→ **What is required**: Work out how many lines in the records below include the string "define", and reply with that number alone.

Stored entries
◇ ◇ ◇ ◇

lemma subseq_count_blocks_eq_outer:
  assumes eq: "subseq_count (replicate i a @ replicate (Suc (Suc j)) b @ replicate k a) w
      = (count_list w b choose Suc (Suc j)) * binomial_product_max i k (count_list w a)"
    and w: "w = ys @ b # ms @ b # es"
    and pos: "0 < count_list ms b choose j"
  shows "(count_list ys a choose i) * (count_list es a choose k)
           = binomial_product_max i k (count_list w a)"
proof -
  define M where "M = binomial_product_max i k (count_list w a)"
  define between where "between s t = count_list (drop (Suc s) (take t w)) b choose j" for s t
  define T where "T = (\<lambda>(s, t). if s < t \<and> w ! s = b \<and> w ! t = b
      then (count_list (take s w) a choose i) * between s t * (count_list (drop (Suc t) w) a choose k)
      else 0)"
  define U where
    "U = (\<lambda>(s, t). (if s < t \<and> w ! s = b \<and> w ! t = b then between s t else 0) * M)"
  let ?P = "{..<length w} \<times> {..<length w}"
  have "sum T ?P = subseq_count (replicate i a @ replicate (Suc (Suc j)) b @ replicate k a) w"
    unfolding subseq_count_blocks_pair_sum T_def between_def by (simp add: sum.cartesian_product)
  moreover have "sum U ?P = (count_list w b choose Suc (Suc j)) * M"
    unfolding binomial_pair_sum U_def between_def sum_distrib_right by (simp add: sum.cartesian_product)
  ultimately have "sum T ?P = sum U ?P"
    using eq unfolding M_def by simp
  moreover have "T st \<le> U st" for st
    using binomial_outer_le_max[of "fst st" "snd st" w a i k]
    unfolding T_def U_def M_def by (auto simp: case_prod_beta mult.commute mult.left_commute)
  moreover have "(length ys, length ys + Suc (length ms)) \<in> ?P"
    using w by simp
  ultimately have
    "T (length ys, length ys + Suc (length ms)) = U (length ys, length ys + Suc (length ms))"
    by (intro sum_mono_inv[of T ?P U]) auto
  then show ?thesis
    using pos unfolding T_def U_def between_def M_def w by (simp add: nth_append)
qed

lemma bool_list_eq_replicate: "(\<not> b) \<notin> set xs \<Longrightarrow> xs = replicate (length xs) b"
  by (induction xs) auto
lemma edge_sym: "E u v \<Longrightarrow> E v u"
  using graph unfolding graph_def by blast

lemma mem_nbhd_iff: "u \<in> N v \<longleftrightarrow> E v u"
  using graph unfolding graph_def nbhd_def by blast

lemma edge_in_V: "E u v \<Longrightarrow> u \<in> V"
  using graph unfolding graph_def by blast

lemma finite_nbhd: "finite (N v)"
  using graph unfolding graph_def nbhd_def by simp

lemma finite_Y: "finite Y"
  using graph parts unfolding graph_def bipartite_parts_def by auto

lemma X_subset_V: "X \<subseteq> V" and Y_subset_V: "Y \<subseteq> V"
  using parts unfolding bipartite_parts_def by auto

lemma parts_disjoint: "X \<inter> Y = {}"
  using parts unfolding bipartite_parts_def by blast

lemma edge_X_imp_Y: "E u v \<Longrightarrow> u \<in> X \<Longrightarrow> v \<in> Y"
  and edge_Y_imp_X: "E u v \<Longrightarrow> u \<in> Y \<Longrightarrow> v \<in> X"
  using parts unfolding bipartite_parts_def by blast+

lemma card_lt_if_many_non_neighbours:
  assumes "E x y" "T \<subseteq> N y - {x}" "R \<subseteq> N x - {y}" "0 < \<alpha>"
    and "2 * real t \<le> \<alpha> * real (card T)"
    and "\<forall>r\<in>R. \<alpha> * real (card T) \<le> real (card {u\<in>T. \<not> E r u})"
  shows "real (card R) < real t * (2 / \<alpha>) ^ t"
proof (rule ccontr)
  assume "\<not> ?thesis"
  then have "real t * (2 / \<alpha>) ^ t \<le> real (card R)" by simp
  moreover have "finite T" "finite R"
    using assms(2,3) finite_nbhd finite_subset by blast+
  ultimately obtain U R' where U: "U \<subseteq> T" "card U = t" and R': "R' \<subseteq> R" "card R' = t"
      and "\<forall>r\<in>R'. \<forall>u\<in>U. \<not> E r u"
    using exists_anticomplete_subsets[of T R \<alpha> t E] assms(4-6) by blast
  moreover have "U \<subseteq> N y - {x}" "R' \<subseteq> N x - {y}" using U(1) R'(1) assms(2,3) by blast+
  ultimately have "has_induced_biclaw V E t t"
    using has_induced_biclaw_if_anticomplete_sets[OF graph parts \<open>E x y\<close> _ U(2) _ R'(2)] by blast
  then show False using biclaw_free by blast
qed

end

text \<open>\<open>16 / \<epsilon>\<close> is \<open>2 / \<alpha>\<close> for the smallest miss fraction \<open>\<alpha> = \<epsilon> / 8\<close> used below; the minimum
  degree required by the theorem is \<open>10 * biclaw_bound t \<epsilon>\<close>.\<close>

definition biclaw_bound :: "nat \<Rightarrow> real \<Rightarrow> real" where
  "biclaw_bound t \<epsilon> = real t * (16 / \<epsilon>) ^ t"

locale max_degree_vertex = biclaw_free_bipartite +
  fixes \<epsilon> :: real and ymax :: nat
  assumes t_pos: "0 < t" and eps_pos: "0 < \<epsilon>" and eps_lt_1: "\<epsilon> < 1"
    and ymax_in_Y: "ymax \<in> Y"
    and degree_le_ymax: "\<And>y. y \<in> Y \<Longrightarrow> degree V E y \<le> degree V E ymax"
    and min_degree: "min_degree_ge V E (10 * biclaw_bound t \<epsilon>)"
begin

abbreviation K :: real where "K \<equiv> biclaw_bound t \<epsilon>"
abbreviation P :: "nat set" where "P \<equiv> N ymax"
abbreviation \<Delta> :: real where "\<Delta> \<equiv> real (card P)"

definition heavy :: "nat set" where
  "heavy = {y \<in> Y. (1 - \<epsilon> / 4) * \<Delta> \<le> real (card (N y \<inter> P))}"

definition half_heavy :: "nat set" where
  "half_heavy = {y \<in> Y. \<Delta> / 2 \<le> real (card (N y \<inter> P))}"

definition touches_heavy :: "nat \<Rightarrow> bool" where
  "touches_heavy x \<longleftrightarrow> (\<exists>y\<in>heavy. E x y)"

lemma t_ge_1: "1 \<le> real t"
  using t_pos by simp

lemma eps_K_ge: "16 * real t \<le> \<epsilon> * K"
proof -
  have "1 \<le> 16 / \<epsilon>" using eps_pos eps_lt_1 by (simp add: pos_le_divide_eq)
  then have "(16 / \<epsilon>) ^ 1 \<le> (16 / \<epsilon>) ^ t" using t_pos by (intro power_increasing) auto
  then have "real t * (16 / \<epsilon>) \<le> K" unfolding biclaw_bound_def by (intro mult_left_mono) auto
  then show ?thesis using eps_pos by (simp add: field_simps)
qed

lemma K_ge: "16 * real t \<le> K"
proof -
  have "0 \<le> K" using eps_pos by (simp add: biclaw_bound_def)
  then have "\<epsilon> * K \<le> K" using eps_lt_1 by (simp add: mult_left_le_one_le eps_pos less_imp_le)
  then show ?thesis using eps_K_ge by linarith
qed

lemma card_nbhd_ge: "v \<in> V \<Longrightarrow> 10 * K \<le> real (card (N v))"
  using min_degree unfolding min_degree_ge_def degree_def by blast

lemma Delta_ge: "10 * K \<le> \<Delta>"
  using card_nbhd_ge ymax_in_Y Y_subset_V by blast

lemma eps_Delta_ge: "160 * real t \<le> \<epsilon> * \<Delta>"
  using mult_left_mono[OF Delta_ge, of \<epsilon>] eps_pos eps_K_ge by linarith
definition outcome :: "'v set \<Rightarrow> ('v \<Rightarrow> 'v \<Rightarrow> bool) \<Rightarrow> ('v \<Rightarrow> real) \<Rightarrow> ('v \<Rightarrow> real)
    \<Rightarrow> ('v \<Rightarrow> 'v set \<Rightarrow> real) \<Rightarrow> 'v set \<Rightarrow> 'v \<Rightarrow> real" where
  "outcome V E x t f T v = x v + (if v \<in> T then t v else 0) + f v (T \<inter> nbhd V E v)"

definition sigmaT :: "nat \<Rightarrow> nat \<Rightarrow> 'v set \<Rightarrow> 'v \<Rightarrow> real" where
  "sigmaT p q T v = (if v \<in> T then real q else - real p)"

definition neyman :: "'v set \<Rightarrow> ('v \<Rightarrow> 'v \<Rightarrow> bool) \<Rightarrow> nat \<Rightarrow> nat \<Rightarrow> nat \<Rightarrow> ('v \<Rightarrow> real)
    \<Rightarrow> ('v \<Rightarrow> real) \<Rightarrow> ('v \<Rightarrow> 'v set \<Rightarrow> real) \<Rightarrow> 'v set \<Rightarrow> real" where
  "neyman V E n p q x t f T =
     (\<Sum>v\<in>V. sigmaT p q T v * outcome V E x t f T v) / (real p * real q * real n)"

definition xi :: "'v set \<Rightarrow> ('v \<Rightarrow> 'v \<Rightarrow> bool) \<Rightarrow> nat \<Rightarrow> nat \<Rightarrow> nat
    \<Rightarrow> ('v \<Rightarrow> 'v set \<Rightarrow> real) \<Rightarrow> 'v set \<Rightarrow> real" where
  "xi V E n p q f T =
     (\<Sum>v\<in>V. sigmaT p q T v * f v (T \<inter> nbhd V E v)) / (real p * real q * real n)"

definition tbar :: "'v set \<Rightarrow> nat \<Rightarrow> nat \<Rightarrow> ('v \<Rightarrow> real) \<Rightarrow> real" where
  "tbar V r n t = (\<Sum>v\<in>V. t v) / (real r * real n)"

definition Bvecs :: "nat \<Rightarrow> nat \<Rightarrow> nat \<Rightarrow> (nat \<Rightarrow> nat set) set" where
  "Bvecs n r p = PiE {..<n} (\<lambda>_. {B. B \<subseteq> {1..r} \<and> card B = p})"

text \<open>Law of vec B: B_i i.i.d. uniform, i.e. uniform on Bvecs.\<close>
definition Bdist :: "nat \<Rightarrow> nat \<Rightarrow> nat \<Rightarrow> (nat \<Rightarrow> nat set) pmf" where
  "Bdist n r p = pmf_of_set (Bvecs n r p)"

text \<open>T_{B,P} = {w_i^j : j \<in> B_i}, with S_i = {w i j | j \<in> {1..r}}, i < n.\<close>
definition Tset :: "nat \<Rightarrow> (nat \<Rightarrow> nat \<Rightarrow> 'v) \<Rightarrow> (nat \<Rightarrow> nat set) \<Rightarrow> 'v set" where
  "Tset n w B = {w i j | i j. i < n \<and> j \<in> B i}"

end

theory Submission
  imports Defs
begin

text \<open>
  For a vertex \<open>v = w i j\<close>, the sign \<open>\<sigma>\<^sub>T(v)\<close> depends only on the block choice \<open>B i\<close>,
  while \<open>T \<inter> N(v)\<close> depends only on the other blocks, because \<open>S\<^sub>i\<close> is independent.
  As the blocks are chosen independently and \<open>\<sigma>\<^sub>T(v)\<close> has mean \<open>q\<cdot>p/r - p\<cdot>q/r = 0\<close>,
  every interference term \<open>\<sigma>\<^sub>T(v) f\<^sub>v(T \<inter> N(v))\<close> has mean zero. What remains of
  \<open>\<sigma>\<^sub>T(v) y\<^sub>v\<close> is \<open>q t\<^sub>v 1\<^sub>T(v)\<close>, of mean \<open>p q t\<^sub>v / r\<close>.
\<close>

lemma card_subsets_containing:
  assumes "finite A" "a \<in> A" "k > 0"
  shows "card {B. B \<subseteq> A \<and> card B = k \<and> a \<in> B} = (card A - 1) choose (k - 1)"
proof -
  have "{B. B \<subseteq> A \<and> card B = k \<and> a \<in> B}
      = insert a ` {C. C \<subseteq> A - {a} \<and> card C = k - 1}"
  proof (intro set_eqI iffI)
    fix B assume B: "B \<in> {B. B \<subseteq> A \<and> card B = k \<and> a \<in> B}"
    then have "B = insert a (B - {a})" and "card (B - {a}) = k - 1"
      using finite_subset[OF _ assms(1)] by auto
    with B show "B \<in> insert a ` {C. C \<subseteq> A - {a} \<and> card C = k - 1}" by blast
  next
    fix B assume "B \<in> insert a ` {C. C \<subseteq> A - {a} \<and> card C = k - 1}"
    then obtain C where "C \<subseteq> A - {a}" "card C = k - 1" "B = insert a C" by blast
    moreover have "finite C" "a \<notin> C"
      using \<open>C \<subseteq> A - {a}\<close> finite_subset[OF _ assms(1)] by auto
    ultimately show "B \<in> {B. B \<subseteq> A \<and> card B = k \<and> a \<in> B}"
      using assms by auto
  qed
  moreover have "inj_on (insert a) {C. C \<subseteq> A - {a} \<and> card C = k - 1}"
    by (rule inj_onI) blast
  ultimately show ?thesis
    using assms by (simp add: card_image n_subsets)
qed

lemma card_mult_card_subsets_containing:
  assumes "finite A" "a \<in> A"
  shows "card A * card {B. B \<subseteq> A \<and> card B = k \<and> a \<in> B} = k * card {B. B \<subseteq> A \<and> card B = k}"
proof (cases "k = 0")
  case True
  then have "{B. B \<subseteq> A \<and> card B = k \<and> a \<in> B} = {}"
    using assms(1) finite_subset by fastforce
  then show ?thesis using True by (simp only: card.empty mult_0 mult_0_right)
next
  case False
  then show ?thesis
    using assms times_binomial_minus1_eq[of k "card A"]
    by (simp add: card_subsets_containing n_subsets)
qed

lemma sum_subsets_membership_sign:
  assumes "finite A" "a \<in> A" "card A = p + q"
  shows "(\<Sum>B | B \<subseteq> A \<and> card B = p. if a \<in> B then real q else - real p) = 0"
proof -
  let ?S = "{B. B \<subseteq> A \<and> card B = p}"
  have fin: "finite ?S" using assms(1) by simp
  have "(\<Sum>B\<in>?S. if a \<in> B then real q else - real p)
      = (\<Sum>B\<in>?S. real (card A) * of_bool (a \<in> B) - real p)"
    using assms(3) by (intro sum.cong) auto
  also have "\<dots> = real (card A * card (?S \<inter> {B. a \<in> B})) - real (p * card ?S)"
    using fin by (simp add: sum_subtractf sum_distrib_left[symmetric])
  also have "?S \<inter> {B. a \<in> B} = {B. B \<subseteq> A \<and> card B = p \<and> a \<in> B}" by blast
  finally show ?thesis
    using card_mult_card_subsets_containing[OF assms(1,2)] by simp
qed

◇ ◇ ◇ ◇

→ **Reply to the task**: 4